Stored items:
▬▬▬▬▬▬▬▬▬▬
(* Let $(X_\alpha,\tau_\alpha)_{\alpha\in\Omega}$ be a family of topological spaces and let $X=\sum_{\alpha\in\Omega}X_\alpha$ be their topological sum (disjoint union). Then $X$ is a kd-space if and only if each $X_\alpha$ is a kd-space.
   Context: A space is a kd-space if every compact subset is $\delta$-closed. In a space $Y$, a set $U$ is regular open if $U=\mathrm{Int}(\mathrm{Cl}(U))$; a point $x$ is a $\delta$-cluster point of $B\subseteq Y$ if $B\cap U\neq\emptyset$ for every regular open $U\ni x$; $B$ is $\delta$-closed if it contains all its $\delta$-cluster points. *)

theory Defs
  imports "HOL-Analysis.Analysis"
begin

definition regular_open :: "'a topology \<Rightarrow> 'a set \<Rightarrow> bool" where
  "regular_open X U \<longleftrightarrow> U = X interior_of (X closure_of U)"

definition delta_cluster_point :: "'a topology \<Rightarrow> 'a set \<Rightarrow> 'a \<Rightarrow> bool" where
  "delta_cluster_point X B x \<longleftrightarrow> x \<in> topspace X \<and>
     (\<forall>U. regular_open X U \<and> x \<in> U \<longrightarrow> B \<inter> U \<noteq> {})"

definition delta_closedin :: "'a topology \<Rightarrow> 'a set \<Rightarrow> bool" where
  "delta_closedin X B \<longleftrightarrow> B \<subseteq> topspace X \<and>
     (\<forall>x. delta_cluster_point X B x \<longrightarrow> x \<in> B)"

definition kd_space :: "'a topology \<Rightarrow> bool" where
  "kd_space X \<longleftrightarrow> (\<forall>K. compactin X K \<longrightarrow> delta_closedin X K)"

end

theory Submission
  imports Defs
begin

text \<open>Closure and interior in a topological sum are computed summand by summand, hence a set
  is regular open exactly when all its slices are, and \<open>\<delta>\<close>-closedness is likewise decided
  slicewise. Since the component injections are closed embeddings (hence proper), the slices of a
  compact set are compact, while a compact subset of one summand stays compact in the sum.\<close>

lemma interior_of_sum_topology:
  "sum_topology X I interior_of U = (SIGMA i:I. X i interior_of {x. (i,x) \<in> U})"
proof (rule interior_of_unique)
  show "(SIGMA i:I. X i interior_of {x. (i,x) \<in> U}) \<subseteq> U"
    using interior_of_subset by fastforce
  show "openin (sum_topology X I) (SIGMA i:I. X i interior_of {x. (i,x) \<in> U})"
    by (simp add: openin_disjoint_union)
next
  fix T assume T: "T \<subseteq> U" "openin (sum_topology X I) T"
  show "T \<subseteq> (SIGMA i:I. X i interior_of {x. (i,x) \<in> U})"
  proof clarify
    fix i x assume "(i,x) \<in> T"
    with T have "i \<in> I" "openin (X i) {x. (i,x) \<in> T}" "{x. (i,x) \<in> T} \<subseteq> {x. (i,x) \<in> U}"
      by (auto simp: openin_sum_topology)
    with \<open>(i,x) \<in> T\<close> show "i \<in> I \<and> x \<in> X i interior_of {x. (i,x) \<in> U}"
      using interior_of_maximal by fastforce
  qed
qed

lemma closure_of_sum_topology:
  "sum_topology X I closure_of U = (SIGMA i:I. X i closure_of {x. (i,x) \<in> U})"
proof -
  let ?Y = "sum_topology X I"
  have slice_complement: "{x. (i,x) \<in> topspace ?Y - U} = topspace (X i) - {x. (i,x) \<in> U}"
    if "i \<in> I" for i
    using that by auto
  have "?Y closure_of U = topspace ?Y - ?Y interior_of (topspace ?Y - U)"
    by (rule closure_of_interior_of)
  also have "\<dots> = topspace ?Y - (SIGMA i:I. X i interior_of (topspace (X i) - {x. (i,x) \<in> U}))"
    by (simp only: interior_of_sum_topology slice_complement cong: Sigma_cong)
  also have "\<dots> = (SIGMA i:I. topspace (X i) - X i interior_of (topspace (X i) - {x. (i,x) \<in> U}))"
    by auto
  also have "\<dots> = (SIGMA i:I. X i closure_of {x. (i,x) \<in> U})"
    by (simp only: closure_of_interior_of)
  finally show ?thesis .
qed

lemma regular_open_empty [simp]: "regular_open X {}"
  by (simp add: regular_open_def)

lemma regular_open_sum_topology:
  "regular_open (sum_topology X I) U \<longleftrightarrow>
     U \<subseteq> I \<times> UNIV \<and> (\<forall>i\<in>I. regular_open (X i) {x. (i,x) \<in> U})"
proof -
  have "sum_topology X I interior_of (sum_topology X I closure_of U) =
        (SIGMA i:I. X i interior_of (X i closure_of {x. (i,x) \<in> U}))"
    by (auto simp: interior_of_sum_topology closure_of_sum_topology)
  then show ?thesis
    unfolding regular_open_def by auto
qed

lemma regular_open_sum_topology_Times:
  assumes "i \<in> I"
  shows "regular_open (sum_topology X I) ({i} \<times> V) \<longleftrightarrow> regular_open (X i) V"
proof -
  have "{x. (j,x) \<in> {i} \<times> V} = (if j = i then V else {})" for j
    by auto
  then show ?thesis
    using assms by (simp only: regular_open_sum_topology) auto
qed

lemma delta_cluster_point_sum_topology:
  "delta_cluster_point (sum_topology X I) B (i,x) \<longleftrightarrow>
     i \<in> I \<and> delta_cluster_point (X i) {y. (i,y) \<in> B} x"
proof
  assume cluster: "delta_cluster_point (sum_topology X I) B (i,x)"
  then have "i \<in> I" "x \<in> topspace (X i)"
    by (auto simp: delta_cluster_point_def)
  moreover have "{y. (i,y) \<in> B} \<inter> V \<noteq> {}" if "regular_open (X i) V" "x \<in> V" for V
  proof -
    have "regular_open (sum_topology X I) ({i} \<times> V)"
      using \<open>i \<in> I\<close> that(1) by (simp add: regular_open_sum_topology_Times)
    with cluster that(2) have "B \<inter> ({i} \<times> V) \<noteq> {}"
      by (auto simp: delta_cluster_point_def)
    then show ?thesis
      by auto
  qed
  ultimately show "i \<in> I \<and> delta_cluster_point (X i) {y. (i,y) \<in> B} x"
    by (auto simp: delta_cluster_point_def)
next
  assume "i \<in> I \<and> delta_cluster_point (X i) {y. (i,y) \<in> B} x"
  then show "delta_cluster_point (sum_topology X I) B (i,x)"
    by (fastforce simp: delta_cluster_point_def regular_open_sum_topology)
qed

lemma delta_closedin_sum_topology:
  "delta_closedin (sum_topology X I) B \<longleftrightarrow>
     B \<subseteq> Sigma I (topspace \<circ> X) \<and> (\<forall>i\<in>I. delta_closedin (X i) {x. (i,x) \<in> B})"
  by (fastforce simp: delta_closedin_def delta_cluster_point_sum_topology)

lemma compactin_sum_topology_slice:
  assumes "i \<in> I" "compactin (sum_topology X I) K"
  shows "compactin (X i) {x. (i,x) \<in> K}"
proof -
  have "proper_map (X i) (sum_topology X I) (Pair i)"
    by (simp add: assms(1) closed_injective_imp_proper_map closed_map_component_injection inj_on_def)
  moreover have "{x. (i,x) \<in> K} = {x \<in> topspace (X i). (i,x) \<in> K}"
    using compactin_subset_topspace[OF assms(2)] by auto
  ultimately show ?thesis
    using compactin_proper_map_preimage assms(2) by metis
qed

theorem mainTheorem6:
  fixes X :: "'i \<Rightarrow> 'a topology" and \<Omega> :: "'i set"
  shows "kd_space (sum_topology X \<Omega>) \<longleftrightarrow> (\<forall>\<alpha>\<in>\<Omega>. kd_space (X \<alpha>))"
proof
  assume kd_sum: "kd_space (sum_topology X \<Omega>)"
  show "\<forall>\<alpha>\<in>\<Omega>. kd_space (X \<alpha>)"
  proof (intro ballI, unfold kd_space_def, intro allI impI)
    fix \<alpha> K assume "\<alpha> \<in> \<Omega>" "compactin (X \<alpha>) K"
    then have "compactin (sum_topology X \<Omega>) (Pair \<alpha> ` K)"
      by (simp add: image_compactin continuous_map_component_injection)
    with kd_sum \<open>\<alpha> \<in> \<Omega>\<close> have "delta_closedin (X \<alpha>) {x. (\<alpha>,x) \<in> Pair \<alpha> ` K}"
      by (simp add: kd_space_def delta_closedin_sum_topology)
    then show "delta_closedin (X \<alpha>) K"
      by (simp add: image_iff)
  qed
next
  assume kd_components: "\<forall>\<alpha>\<in>\<Omega>. kd_space (X \<alpha>)"
  show "kd_space (sum_topology X \<Omega>)"
    unfolding kd_space_def
  proof (intro allI impI)
    fix K assume "compactin (sum_topology X \<Omega>) K"
    with kd_components show "delta_closedin (sum_topology X \<Omega>) K"
      using compactin_subset_topspace
      by (fastforce simp: kd_space_def delta_closedin_sum_topology compactin_sum_topology_slice)
  qed
qed

end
▬▬▬▬▬▬▬▬▬▬
# Brief:
Print only the lines from the top of the data above down to the line holding "X U \<longleftrightarrow>", inclusive.

# The completed task:
(* Let $(X_\alpha,\tau_\alpha)_{\alpha\in\Omega}$ be a family of topological spaces and let $X=\sum_{\alpha\in\Omega}X_\alpha$ be their topological sum (disjoint union). Then $X$ is a kd-space if and only if each $X_\alpha$ is a kd-space.
   Context: A space is a kd-space if every compact subset is $\delta$-closed. In a space $Y$, a set $U$ is regular open if $U=\mathrm{Int}(\mathrm{Cl}(U))$; a point $x$ is a $\delta$-cluster point of $B\subseteq Y$ if $B\cap U\neq\emptyset$ for every regular open $U\ni x$; $B$ is $\delta$-closed if it contains all its $\delta$-cluster points. *)

theory Defs
  imports "HOL-Analysis.Analysis"
begin

definition regular_open :: "'a topology \<Rightarrow> 'a set \<Rightarrow> bool" where
  "regular_open X U \<longleftrightarrow> U = X interior_of (X closure_of U)"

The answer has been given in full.